Les Secrets d’un vrai riz asiatique en 4 étapes

Que ce soit via le blog ou dans la vie de tous les jours, je fais régulièrement le constat que beaucoup de personnes ne savent pas cuisiner le riz asiatique, et particulièrement le riz basmati, tel qu’on le trouve dans les restaurants chinois. Voici la question qui revient souvent: « Mais comment fait-on pour avoir un riz bien collant comme au restaurant chinois? ». :-)

Rien de plus simple. Il suffit de connaître la technique que je vais vous apprendre.

J’ai été élevée au riz et je le cuisine très souvent encore aujourd’hui. Je crois bien  que l’ustensile de cuisine que j’utilise le plus est ma (chère) riseuse. Une riseuse oui.

Le riz

Je préconise d’utiliser du riz basmati, systématiquement, dans la méthode de cuisson que je vais vous apprendre. Le riz thaï est à mon sens un peu trop « collant » et difficile à maîtriser, tandis que le riz gluant se cuit complètement différemment. Ce n’est là cependant que mon avis, qui n’est pas universel, chacun ses goûts.

Les ustensiles

L’idéal pour cuisiner un vrai riz asiatique est de posséder une riseuse, ou « cocotte à riz », « cuiseur à riz » ou « rice-cooker », appelez-là comme vous le voulez. Vous en trouverez chez les fabricants d’électroménager classiques, type Seb pour ne pas le citer, ou encore dans les épiceries/magasins asiatiques, ou bien aussi dans les petits bouis-bouis fourre-tout que l’on peut trouver à Paris, et dans un desquels j’ai trouvé ma riseuse à 19 euros qui marche très bien depuis 5 ans, merci. Comme quoi, pas la peine de se prendre la tête.

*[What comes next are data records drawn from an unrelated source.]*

(* The difference G of the two sides satisfies G' = X G and G(0) = 0. *)
lemma ad_exp_series_mult_exp_alg:
  "ad_exp_series X Z * fps_exp_alg scale X = fps_exp_alg scale X * fps_const Z"
proof -
  let ?E = "fps_exp_alg scale X" and ?B = "ad_exp_series X Z"
  define G where "G = ?B * ?E - ?E * fps_const Z"
  have "fps_deriv G = (fps_const X * ?B - ?B * fps_const X) * ?E + ?B * (?E * fps_const X)
        - (fps_const X * ?E) * fps_const Z"
    unfolding G_def by (simp add: fps_deriv_ad_exp_series fps_deriv_exp_alg fps_const_mult_exp_alg_commute)
  also have "\<dots> = fps_const X * G"
    unfolding G_def by (simp add: algebra_simps flip: fps_const_mult_exp_alg_commute)
  finally have "G = 0"
    by (rule fps_deriv_eq_const_mult_imp_eq_0)
       (simp add: G_def ad_exp_series_def ad_exp_coeff_def fps_nth_exp_alg scalar_one)
  then show ?thesis unfolding G_def by simp
qed

lemma fps_deriv_exp_alg_mult:
  "fps_deriv (fps_exp_alg scale X * fps_exp_alg scale Y)
     = ad_exp_series X (X + Y) * (fps_exp_alg scale X * fps_exp_alg scale Y)"
proof -
  let ?EX = "fps_exp_alg scale X" and ?EY = "fps_exp_alg scale Y"
  have "fps_deriv (?EX * ?EY) = (?EX * fps_const X) * ?EY + ?EX * (fps_const Y * ?EY)"
    by (simp add: fps_deriv_exp_alg fps_const_mult_exp_alg_commute)
  also have "\<dots> = (?EX * fps_const (X + Y)) * ?EY"
    by (simp add: algebra_simps flip: fps_const_add)
  also have "\<dots> = ad_exp_series X (X + Y) * (?EX * ?EY)"
    by (simp add: mult.assoc flip: ad_exp_series_mult_exp_alg)
  finally show ?thesis .
qed

definition composition_term :: "(nat \<Rightarrow> 'a) \<Rightarrow> nat list \<Rightarrow> 'a" where
  "composition_term a ns = scalar (1 / of_nat (suffix_denom ns)) * prod_list (map a ns)"

definition composition_sum :: "(nat \<Rightarrow> 'a) \<Rightarrow> nat \<Rightarrow> 'a" where
  "composition_sum a N = (\<Sum>ns\<in>compositions N. composition_term a ns)"

lemma composition_sum_0: "composition_sum a 0 = 1"
  by (simp add: composition_sum_def compositions_0 composition_term_def suffix_denom_def scalar_one)

lemma composition_term_Cons:
  "composition_term a (n # ns) = scalar (1 / of_nat (n + sum_list ns)) * (a n * composition_term a ns)"
proof -
  have "composition_term a (n # ns)
      = (scalar (1 / of_nat (n + sum_list ns)) * scalar (1 / of_nat (suffix_denom ns))) * (a n * prod_list (map a ns))"
    unfolding composition_term_def suffix_denom_Cons by (simp flip: scalar_mult)
  then show ?thesis
    unfolding composition_term_def by (metis mult.assoc scalar_commute)
qed

lemma composition_sum_recursion:
  assumes "N \<noteq> 0"
  shows "of_nat N * composition_sum a N = (\<Sum>n=1..N. a n * composition_sum a (N - n))"
proof -
  have "composition_sum a N = (\<Sum>n=1..N. \<Sum>ns\<in>compositions (N - n). composition_term a (n # ns))"
    unfolding composition_sum_def compositions_eq_UN_Cons[OF assms]
    by (subst sum.UNION_disjoint) (auto simp: finite_compositions sum.reindex)
  also have "\<dots> = scalar (1 / of_nat N) * (\<Sum>n=1..N. a n * composition_sum a (N - n))"
    by (auto simp: composition_term_Cons compositions_def composition_sum_def sum_distrib_left
        intro!: sum.cong)
  finally show ?thesis
    using of_nat_mult_scalar_inverse[OF assms] by (simp flip: mult.assoc)
qed

lemma eq_composition_sum_if_recursion:
  assumes "f 0 = 1"
    and "\<And>N. N \<noteq> 0 \<Longrightarrow> of_nat N * f N = (\<Sum>n=1..N. a n * f (N - n))"
  shows "f N = composition_sum a N"
proof (induction N rule: less_induct)
  case (less N)
  show ?case
  proof (cases "N = 0")
    case True
    then show ?thesis using assms(1) composition_sum_0 by simp
  next
    case False
    have "of_nat N * f N = (\<Sum>n=1..N. a n * composition_sum a (N - n))"
      using assms(2)[OF False] less False by (auto intro: sum.cong)
    also have "\<dots> = of_nat N * composition_sum a N"
      using composition_sum_recursion[OF False] by simp
    finally show ?thesis
      by (rule of_nat_mult_left_cancel[OF False])
  qed
qed

definition Dterm_coeff :: "'a \<Rightarrow> 'a \<Rightarrow> nat \<Rightarrow> 'a" where
  "Dterm_coeff X Y n = ad_exp_coeff X (X + Y) (n - 1)"

lemma fps_nth_exp_alg_mult:
  "(fps_exp_alg scale X * fps_exp_alg scale Y) $ N
     = composition_sum (Dterm_coeff X Y) N"
proof (rule eq_composition_sum_if_recursion)
  let ?F = "fps_exp_alg scale X * fps_exp_alg scale Y"
  show "?F $ 0 = 1"
    by (simp add: fps_nth_exp_alg scalar_one)
  fix N :: nat
  assume "N \<noteq> 0"
  then obtain M where N: "N = Suc M"
    using not0_implies_Suc by blast
  have "of_nat N * ?F $ N = fps_deriv ?F $ M"
    by (simp add: N del: fps_deriv_mult)
  also have "\<dots> = (ad_exp_series X (X + Y) * ?F) $ M"
    by (simp only: fps_deriv_exp_alg_mult)
  also have "\<dots> = (\<Sum>i=0..M. ad_exp_coeff X (X + Y) i * ?F $ (M - i))"
    by (simp add: fps_mult_nth ad_exp_series_def)
  also have "\<dots> = (\<Sum>n=1..N. Dterm_coeff X Y n * ?F $ (N - n))"
    by (simp only: N One_nat_def sum.shift_bounds_cl_Suc_ivl) (simp add: Dterm_coeff_def)
  finally show "of_nat N * ?F $ N = (\<Sum>n=1..N. Dterm_coeff X Y n * ?F $ (N - n))" .
qed

lemma Dterm_eq_monomial:
  "Dterm scale X Y = (\<lambda>n. fps_const (Dterm_coeff X Y n) * fps_X ^ n)"
  by (simp add: fun_eq_iff Dterm_def Dterm_coeff_def ad_exp_coeff_def scale_eq_scalar_mult)

lemma fps_nth_bch_term:
  "bch_term scale X Y ns $ N
     = (if sum_list ns = N then composition_term (Dterm_coeff X Y) ns else 0)"
  by (simp add: bch_term_def fps_scale_def Dterm_eq_monomial prod_list_map_monomial
      composition_term_def scale_eq_scalar_mult)

lemma bch_term_support:
  "ns \<in> pos_tuples \<Longrightarrow> bch_term scale X Y ns $ N \<noteq> 0 \<Longrightarrow> ns \<in> compositions N"
  by (auto simp: fps_nth_bch_term pos_tuples_def compositions_def split: if_splits)

lemma tadic_summable_bch_term: "tadic_summable (bch_term scale X Y) pos_tuples"
  using bch_term_support by (intro tadic_summableI[of _ _ compositions] finite_compositions) blast

lemma fps_nth_tadic_sum_bch_term:
  "tadic_sum (bch_term scale X Y) pos_tuples $ N
     = (if N = 0 then 0 else composition_sum (Dterm_coeff X Y) N)"
proof -
  have "tadic_sum (bch_term scale X Y) pos_tuples $ N
      = (\<Sum>ns\<in>pos_tuples \<inter> compositions N. bch_term scale X Y ns $ N)"
    by (rule fps_nth_tadic_sum) (auto intro: finite_compositions bch_term_support)
  also have "\<dots> = (\<Sum>ns\<in>pos_tuples \<inter> compositions N. composition_term (Dterm_coeff X Y) ns)"
    by (rule sum.cong) (auto simp: fps_nth_bch_term compositions_def)
  finally show ?thesis
    by (simp add: pos_tuples_Int_compositions composition_sum_def)
qed

end

theorem theorem4p1:
  fixes scale :: "'k::field_char_0 \<Rightarrow> 'a::ring_1 \<Rightarrow> 'a"
    and X Y :: 'a
  assumes "algebra_over scale"
  shows "tadic_summable (bch_term scale X Y) pos_tuples \<and>
         fps_exp_alg scale X * fps_exp_alg scale Y
           = 1 + tadic_sum (bch_term scale X Y) pos_tuples"
proof -
  interpret scalar_algebra scale
    by unfold_locales (fact assms)
  have "fps_exp_alg scale X * fps_exp_alg scale Y = 1 + tadic_sum (bch_term scale X Y) pos_tuples"
    by (simp add: fps_eq_iff fps_nth_exp_alg_mult fps_nth_tadic_sum_bch_term composition_sum_0)
  with tadic_summable_bch_term show ?thesis ..
qed

end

Cependant, si vous ne possédez pas une riseuse, et ne souhaitez pas investir, pas de souci!!! Même si la cuisson au rice cooker est toujours meilleur, vous pouvez obtenir presque le même résultat dans une casserole. Alors quel est l’intérêt d’une riseuse me direz-vous? (et vous aurez bien raison). Et bien c’est qu’elle s’arrête pile poil quand le riz est bien cuit. Pas de risque donc de le faire brûler, trop cuire, pas assez…. C’est le confort quoi. Et en plus elle garde le riz au chaud… (histoire de prendre l’apéro tranquille).

Mais si vous surveillez un tant soit peu la cuisson du riz, la casserole ira très bien.

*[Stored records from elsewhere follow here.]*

lemma cost_epigraph_separation:
  assumes "convex_cost c" "lsc_cost c" and p0: "p0 \<in> prob_simplex" and r: "ereal r < c p0"
  obtains A \<beta> b where "(\<Sum>s\<in>UNIV. A s * p0 s) + \<beta> * r < b"
    and "\<And>p t. p \<in> prob_simplex \<Longrightarrow> c p \<le> ereal t \<Longrightarrow> b < (\<Sum>s\<in>UNIV. A s * p s) + \<beta> * t"
proof -
  have "(vec_lambda p0, r) \<notin> cost_epigraph c" using r by (auto simp: cost_epigraph_def)
  then obtain a b where ab: "inner a (vec_lambda p0, r) < b"
    "\<forall>x\<in>cost_epigraph c. b < inner a x"
    using separating_hyperplane_closed_point[OF convex_cost_epigraph closed_cost_epigraph] assms
    by blast
  obtain A \<beta> where a: "a = (A, \<beta>)" by (cases a)
  have inner_eq: "inner a (vec_lambda p, t) = (\<Sum>s\<in>UNIV. A $ s * p s) + \<beta> * t" for p t
    by (simp add: a inner_prod_def inner_vec_def mult.commute)
  show ?thesis
  proof (rule that[of "vec_nth A" \<beta> b])
    show "(\<Sum>s\<in>UNIV. A $ s * p0 s) + \<beta> * r < b" using ab(1) inner_eq by simp
    fix p t assume "p \<in> prob_simplex" "c p \<le> ereal t"
    then have "(vec_lambda p, t) \<in> cost_epigraph c" by (simp add: cost_epigraph_def)
    then show "b < (\<Sum>s\<in>UNIV. A $ s * p s) + \<beta> * t" using ab(2) inner_eq by metis
  qed
qed

lemma vertical_coefficient_nonneg:
  assumes "grounded c"
    and above: "\<And>p t. p \<in> prob_simplex \<Longrightarrow> c p \<le> ereal t \<Longrightarrow> b < (\<Sum>s\<in>UNIV. A s * p s) + \<beta> * t"
  shows "0 \<le> \<beta>"
proof (rule ccontr)
  assume "\<not> 0 \<le> \<beta>"
  obtain p1 where p1: "p1 \<in> prob_simplex" "c p1 < 1" using grounded_obtains_small_cost[OF assms(1)] .
  \<comment> \<open>The epigraph contains the vertical ray above \<open>(p1, 1)\<close>.\<close>
  define t where "t = max 1 (((\<Sum>s\<in>UNIV. A s * p1 s) - b) / (- \<beta>))"
  have "1 \<le> t" by (simp add: t_def)
  then have "(1::ereal) \<le> ereal t" by simp
  then have "c p1 \<le> ereal t" using p1(2) by (meson order.strict_implies_order order_trans)
  have "((\<Sum>s\<in>UNIV. A s * p1 s) - b) / (- \<beta>) \<le> t" by (simp add: t_def)
  with \<open>\<not> 0 \<le> \<beta>\<close> have "(\<Sum>s\<in>UNIV. A s * p1 s) + \<beta> * t \<le> b"
    by (simp add: field_simps)
  with above[OF p1(1) \<open>c p1 \<le> ereal t\<close>] show False by simp
qed

lemma affine_minorant_through_point:
  fixes c :: "('s::finite \<Rightarrow> real) \<Rightarrow> ereal"
  assumes nonneg: "\<forall>p\<in>prob_simplex. 0 \<le> c p" and g: "grounded c"
    and cv: "convex_cost c" and l: "lsc_cost c"
    and p0: "p0 \<in> prob_simplex" and r: "ereal r < c p0"
  obtains U where "\<And>p t. p \<in> prob_simplex \<Longrightarrow> c p \<le> ereal t \<Longrightarrow>
    r + (\<Sum>s\<in>UNIV. U s * (p s - p0 s)) \<le> t"
proof -
  obtain A \<beta> b where below: "(\<Sum>s\<in>UNIV. A s * p0 s) + \<beta> * r < b"
    and above: "\<And>p t. p \<in> prob_simplex \<Longrightarrow> c p \<le> ereal t \<Longrightarrow> b < (\<Sum>s\<in>UNIV. A s * p s) + \<beta> * t"
    using cost_epigraph_separation[OF cv l p0 r] by blast
  let ?d = "\<lambda>p. (\<Sum>s\<in>UNIV. A s * p s) - (\<Sum>s\<in>UNIV. A s * p0 s)"
  have lin: "(\<Sum>s\<in>UNIV. (k * A s) * (p s - p0 s)) = k * ?d p" for k p
    by (simp add: sum_distrib_left sum_subtractf algebra_simps)
  have "0 \<le> \<beta>" using vertical_coefficient_nonneg[OF g above] .
  show ?thesis
  proof (cases "\<beta> = 0")
    case False
    with \<open>0 \<le> \<beta>\<close> have "0 < \<beta>" by simp
    show ?thesis
    proof (rule that[of "\<lambda>s. - 1 / \<beta> * A s"])
      fix p t assume "p \<in> prob_simplex" "c p \<le> ereal t"
      from above[OF this] below have "\<beta> * r - ?d p \<le> \<beta> * t" by linarith
      with \<open>0 < \<beta>\<close> show "r + (\<Sum>s\<in>UNIV. (- 1 / \<beta> * A s) * (p s - p0 s)) \<le> t"
        unfolding lin by (simp add: field_simps)
    qed
  next
    case True
    \<comment> \<open>The hyperplane is vertical; tilted steeply enough it becomes an affine minorant of
      the nonnegative \<open>c\<close> taking the value \<open>r\<close> at \<open>p0\<close>.\<close>
    define k where "k = max 0 (r / (b - (\<Sum>s\<in>UNIV. A s * p0 s)))"
    have "0 < b - (\<Sum>s\<in>UNIV. A s * p0 s)" using below True by simp
    moreover have "r / (b - (\<Sum>s\<in>UNIV. A s * p0 s)) \<le> k" by (simp add: k_def)
    ultimately have kr: "r \<le> k * (b - (\<Sum>s\<in>UNIV. A s * p0 s))"
      by (simp add: field_simps)
    show ?thesis
    proof (rule that[of "\<lambda>s. - k * A s"])
      fix p t assume p: "p \<in> prob_simplex" and t: "c p \<le> ereal t"
      have "0 \<le> t" using nonneg p t by (metis ereal_less_eq(5) order_trans)
      moreover have "k * (b - (\<Sum>s\<in>UNIV. A s * p0 s)) \<le> k * ?d p"
        using above[OF p t] True by (intro mult_left_mono) (auto simp: k_def)
      ultimately show "r + (\<Sum>s\<in>UNIV. (- k * A s) * (p s - p0 s)) \<le> t"
        unfolding lin using kr by simp
    qed
  qed
qed

lemma cost_le_of_cost_conjugate_le:
  fixes c c' :: "('s::finite \<Rightarrow> real) \<Rightarrow> ereal"
  assumes nonneg: "\<forall>p\<in>prob_simplex. 0 \<le> c p" and "grounded c" "convex_cost c" "lsc_cost c"
    and nonneg': "\<forall>p\<in>prob_simplex. 0 \<le> c' p"
    and conj_le: "\<And>U. cost_conjugate c' U \<le> cost_conjugate c U"
    and p0: "p0 \<in> prob_simplex"
  shows "c p0 \<le> c' p0"
proof (rule ccontr)
  assume "\<not> c p0 \<le> c' p0"
  then have "c' p0 < c p0" by simp
  then obtain r where r: "c' p0 < ereal r" "ereal r < c p0"
    using ereal_dense2 by blast
  obtain U where U: "\<And>p t. p \<in> prob_simplex \<Longrightarrow> c p \<le> ereal t \<Longrightarrow>
      r + (\<Sum>s\<in>UNIV. U s * (p s - p0 s)) \<le> t"
    using affine_minorant_through_point[OF assms(1-4) p0 r(2)] by blast
  define S0 where "S0 = (\<Sum>s\<in>UNIV. U s * p0 s)"
  have "cost_conjugate c U \<le> ereal (S0 - r)"
    unfolding cost_conjugate_def
  proof (rule SUP_least)
    fix p :: "'s \<Rightarrow> real" assume p: "p \<in> prob_simplex"
    show "- c p + ereal (\<Sum>s\<in>UNIV. U s * p s) \<le> ereal (S0 - r)"
    proof (cases "c p")
      case (real t)
      then have "r + (\<Sum>s\<in>UNIV. U s * (p s - p0 s)) \<le> t" using U p by simp
      then show ?thesis
        using real by (simp add: S0_def right_diff_distrib sum_subtractf)
    qed (use nonneg p in auto)
  qed
  obtain t' where t': "c' p0 = ereal t'"
    using r(1) nonneg' p0 by (cases "c' p0") auto
  have "- c' p0 + ereal S0 \<le> cost_conjugate c' U"
    unfolding cost_conjugate_def S0_def using p0 by (rule SUP_upper)
  also note conj_le
  also note \<open>cost_conjugate c U \<le> ereal (S0 - r)\<close>
  finally have "ereal (S0 - t') \<le> ereal (S0 - r)" using t' by simp
  with r(1) t' show False by simp
qed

Les secrets d’un bon riz basmati

On ne cuit pas un riz basmati comme on cuit un riz rond d’Europe ou des pâtes. Pour le riz rond, vous allez faire bouillir de l’eau puis vous ajouterez le riz (je suppose, je n’en fait jamais, question de goût), que vous égoutterez une fois cuit, comme les pâtes. Si vous procédez ainsi pour du riz basmati, cela ne fonctionnera pas.

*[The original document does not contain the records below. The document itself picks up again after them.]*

lemma measure_mu_cball_pos: "0 < r \<Longrightarrow> 0 < measure mu (cball x r)"
  using mu_cball_pos[of r x] emeasure_mu_cball[of x r] by simp

lemma mu_cball_doubling_iter:
  "0 < r \<Longrightarrow> 2^n * r \<le> 2 * R \<Longrightarrow>
    emeasure mu (cball x (2^n * r)) \<le> ennreal (D^n) * emeasure mu (cball x r)"
  using emeasure_cball_doubling_iter[of R mu D r n x] doubling D_ge_1 by auto

lemma nu_cball_ge:
  assumes "y \<in> S" "0 < \<rho>" "\<rho> \<le> 1"
  shows "ennreal (k1 * measure mu (cball y \<rho>) * \<rho> powr -\<theta>) \<le> emeasure nu (cball y \<rho>)"
    and "0 < k1 * measure mu (cball y \<rho>) * \<rho> powr -\<theta>"
  using ADR_lower[OF assms] measure_mu_cball_pos[OF assms(2)] k1_pos assms(2)
  by (simp_all add: emeasure_mu_cball ennreal_mult)

definition ball_ratio_const :: real where
  "ball_ratio_const = k2 * D^4 * 4 powr -\<theta> / k1"

lemma ball_ratio_const_pos: "0 < ball_ratio_const"
  using k1_pos k2_pos D_ge_1 by (simp add: ball_ratio_const_def)

text \<open>Both balls are compared with the ball of radius \<open>\<rho>\<close> around the point \<open>y\<close> of \<open>S\<close>:
  from below by Ahlfors regularity at \<open>y\<close>, from above by regularity at \<open>z\<close> and four doublings.\<close>
lemma nu_cball_le_ratio:
  assumes "y \<in> S" "z \<in> S" "dist x y \<le> \<rho>" "dist y z \<le> \<rho>" "0 < \<rho>" "8 * \<rho> \<le> 1"
    and "4 * \<rho> \<le> t" "t \<le> 8 * \<rho>"
  shows "emeasure nu (cball z t) \<le> ennreal ball_ratio_const * emeasure nu (cball x (2*\<rho>))"
proof -
  define my where "my = measure mu (cball y \<rho>)"
  have "cball z t \<subseteq> cball y (2^4 * \<rho>)"
    using assms(4,5,8) by (intro cball_subset_cball_of_dist) simp
  then have "emeasure mu (cball z t) \<le> emeasure mu (cball y (2^4 * \<rho>))"
    by (intro emeasure_mono) (auto simp: sets_mu)
  also have "\<dots> \<le> ennreal (D^4) * ennreal my"
    using mu_cball_doubling_iter[of \<rho> 4 y] assms(5,6) R_ge_1 by (simp add: my_def emeasure_mu_cball)
  finally have mu_zt: "emeasure mu (cball z t) \<le> ennreal (D^4 * my)"
    using D_ge_1 measure_nonneg[of mu "cball y \<rho>"] by (simp add: my_def ennreal_mult)
  have "t powr -\<theta> \<le> (4*\<rho>) powr -\<theta>"
    using assms(5,7) theta_pos by (intro powr_mono2') auto
  then have t_pow: "t powr -\<theta> \<le> 4 powr -\<theta> * \<rho> powr -\<theta>"
    using assms(5) by (simp add: powr_mult)
  have "emeasure nu (cball z t) \<le> ennreal k2 * emeasure mu (cball z t) * ennreal (t powr -\<theta>)"
    using ADR_upper[OF assms(2)] assms(5,6,7,8) by simp
  also have "\<dots> \<le> ennreal k2 * ennreal (D^4 * my) * ennreal (4 powr -\<theta> * \<rho> powr -\<theta>)"
    using mu_zt t_pow by (intro mult_mono ennreal_leI) auto
  also have "\<dots> = ennreal ball_ratio_const * ennreal (k1 * my * \<rho> powr -\<theta>)"
    using k1_pos k2_pos D_ge_1 measure_mu_cball_pos[OF assms(5)]
    by (simp add: ball_ratio_const_def my_def ennreal_mult[symmetric])
  also have "\<dots> \<le> ennreal ball_ratio_const * emeasure nu (cball y \<rho>)"
    using nu_cball_ge(1)[OF assms(1,5)] assms(6) by (intro mult_left_mono) (auto simp: my_def)
  also have "\<dots> \<le> ennreal ball_ratio_const * emeasure nu (cball x (2*\<rho>))"
    using assms(3,5) by (intro mult_left_mono emeasure_mono cball_subset_cball_of_dist) (auto simp: sets_nu)
  finally show ?thesis .
qed

lemma osc_cball_le_osc_cball:
  assumes "y \<in> S" "z \<in> S" "dist x y \<le> \<rho>" "dist y z \<le> \<rho>" "0 < \<rho>" "8 * \<rho> \<le> 1"
    and "4 * \<rho> \<le> t" "t \<le> 8 * \<rho>"
  shows "osc nu f (cball x (2*\<rho>)) \<le> ennreal ball_ratio_const * osc nu f (cball z t)"
proof (rule osc_le_measure_ratio_osc)
  have "dist z x \<le> 2*\<rho>"
    using dist_triangle[of z x y] dist_commute[of z y] dist_commute[of y x] assms(3,4) by linarith
  then show "cball x (2*\<rho>) \<subseteq> cball z t"
    using assms(7) by (intro cball_subset_cball_of_dist) simp
  have "\<rho> \<le> 1" using assms(6) by simp
  have "0 < ennreal (k1 * measure mu (cball y \<rho>) * \<rho> powr -\<theta>)"
    using nu_cball_ge(2)[OF assms(1,5) \<open>\<rho> \<le> 1\<close>] by simp
  also have "\<dots> \<le> emeasure nu (cball y \<rho>)"
    by (rule nu_cball_ge(1)[OF assms(1,5) \<open>\<rho> \<le> 1\<close>])
  also have "\<dots> \<le> emeasure nu (cball x (2*\<rho>))"
    using assms(3,5) by (intro emeasure_mono cball_subset_cball_of_dist) (auto simp: sets_nu)
  finally show "0 < emeasure nu (cball x (2*\<rho>))" .
  show "emeasure nu (cball z t) < \<infinity>"
  proof (rule le_less_trans)
    show "emeasure nu (cball z t) \<le> ennreal k2 * emeasure mu (cball z t) * ennreal (t powr -\<theta>)"
      using ADR_upper[OF assms(2)] assms(5-8) by simp
  qed (use mu_cball_finite[of z t] in \<open>simp add: ennreal_mult_less_top\<close>)
  show "emeasure nu (cball z t) \<le> ennreal ball_ratio_const * emeasure nu (cball x (2*\<rho>))"
    by (rule nu_cball_le_ratio[OF assms])
qed (auto simp: sets_nu)

lemma mu_cball_le_nu_cball:
  assumes "y \<in> S" "dist x y \<le> \<rho>" "0 < r" "r \<le> \<rho>" "\<rho> \<le> 1"
  shows "emeasure mu (cball x r) \<le> ennreal (D * \<rho> powr \<theta> / k1) * emeasure nu (cball y \<rho> \<inter> S)"
proof -
  have "\<rho> > 0" using assms(3,4) by simp
  have "emeasure mu (cball x r) \<le> emeasure mu (cball y (2*\<rho>))"
    using assms(2,4) by (intro emeasure_mono cball_subset_cball_of_dist) (auto simp: sets_mu dist_commute)
  also have "\<dots> \<le> ennreal D * ennreal (measure mu (cball y \<rho>))"
    using doubling[of \<rho> y] \<open>\<rho> > 0\<close> assms(5) R_ge_1 by (simp add: emeasure_mu_cball)
  also have "\<dots> = ennreal (D * \<rho> powr \<theta> / k1) * ennreal (k1 * measure mu (cball y \<rho>) * \<rho> powr -\<theta>)"
    using D_ge_1 k1_pos \<open>\<rho> > 0\<close>
    by (simp add: ennreal_mult[symmetric] powr_minus field_simps)
  also have "\<dots> \<le> ennreal (D * \<rho> powr \<theta> / k1) * emeasure nu (cball y \<rho>)"
    using nu_cball_ge(1)[OF assms(1) \<open>\<rho> > 0\<close> assms(5)] by (rule mult_left_mono) simp
  also have "\<dots> = ennreal (D * \<rho> powr \<theta> / k1) * emeasure nu (cball y \<rho> \<inter> S)"
    by (simp add: nu_concentrated)
  finally show ?thesis .
qed

lemma nu_cball_mean_osc_le:
  assumes "y \<in> S" "dist x y \<le> \<rho>" "0 < \<rho>" "8 * \<rho> \<le> 1" "4 * \<rho> \<le> t" "t \<le> 8 * \<rho>" "0 < p"
  shows "emeasure nu (cball y \<rho> \<inter> S) * epow (osc nu f (cball x (2*\<rho>))) p
    \<le> ennreal (ball_ratio_const powr p) *
      (\<integral>\<^sup>+z. epow (osc nu f (cball z t)) p * indicator (cball y \<rho> \<inter> S) z \<partial>nu)"
proof -
  define A where "A = cball y \<rho> \<inter> S"
  define E where "E = epow (osc nu f (cball x (2*\<rho>))) p"
  define g where "g z = epow (osc nu f (cball z t)) p" for z
  have pointwise: "E \<le> ennreal (ball_ratio_const powr p) * g z" if "z \<in> A" for z
  proof -
    have "E \<le> epow (ennreal ball_ratio_const * osc nu f (cball z t)) p"
      unfolding E_def using that assms
      by (intro epow_mono osc_cball_le_osc_cball[of y]) (auto simp: A_def)
    also have "\<dots> = ennreal (ball_ratio_const powr p) * g z"
      using ball_ratio_const_pos assms(7) by (simp add: epow_cmult g_def)
    finally show ?thesis .
  qed
  have "emeasure nu A * E = (\<integral>\<^sup>+z. E * indicator A z \<partial>nu)"
    using closed_S by (simp add: A_def sets_nu nn_integral_cmult_indicator mult.commute)
  also have "\<dots> \<le> (\<integral>\<^sup>+z. ennreal (ball_ratio_const powr p) * (g z * indicator A z) \<partial>nu)"
    using pointwise by (intro nn_integral_mono) (auto split: split_indicator)
  also have "\<dots> \<le> ennreal (ball_ratio_const powr p) * (\<integral>\<^sup>+z. g z * indicator A z \<partial>nu)"
    by (rule nn_integral_cmult_le) simp
  finally show ?thesis by (simp add: A_def E_def g_def)
qed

Pour être collant et savoureux, le riz basmati doit tout d’abord être lavé, afin d’en retirer l’amidon. Cette étape est très importante faute de quoi vous aurez un riz « mouillé » ou un aspect « bouilli » et non bien sec comme il se doit.

Ensuite, le riz basmati doit absorber toute son eau de cuisson puis finir de cuire en séchant un peu. Il adhérera donc au fond de la casserole, vous ne pourrez pas y échapper et c’est tout à fait normal.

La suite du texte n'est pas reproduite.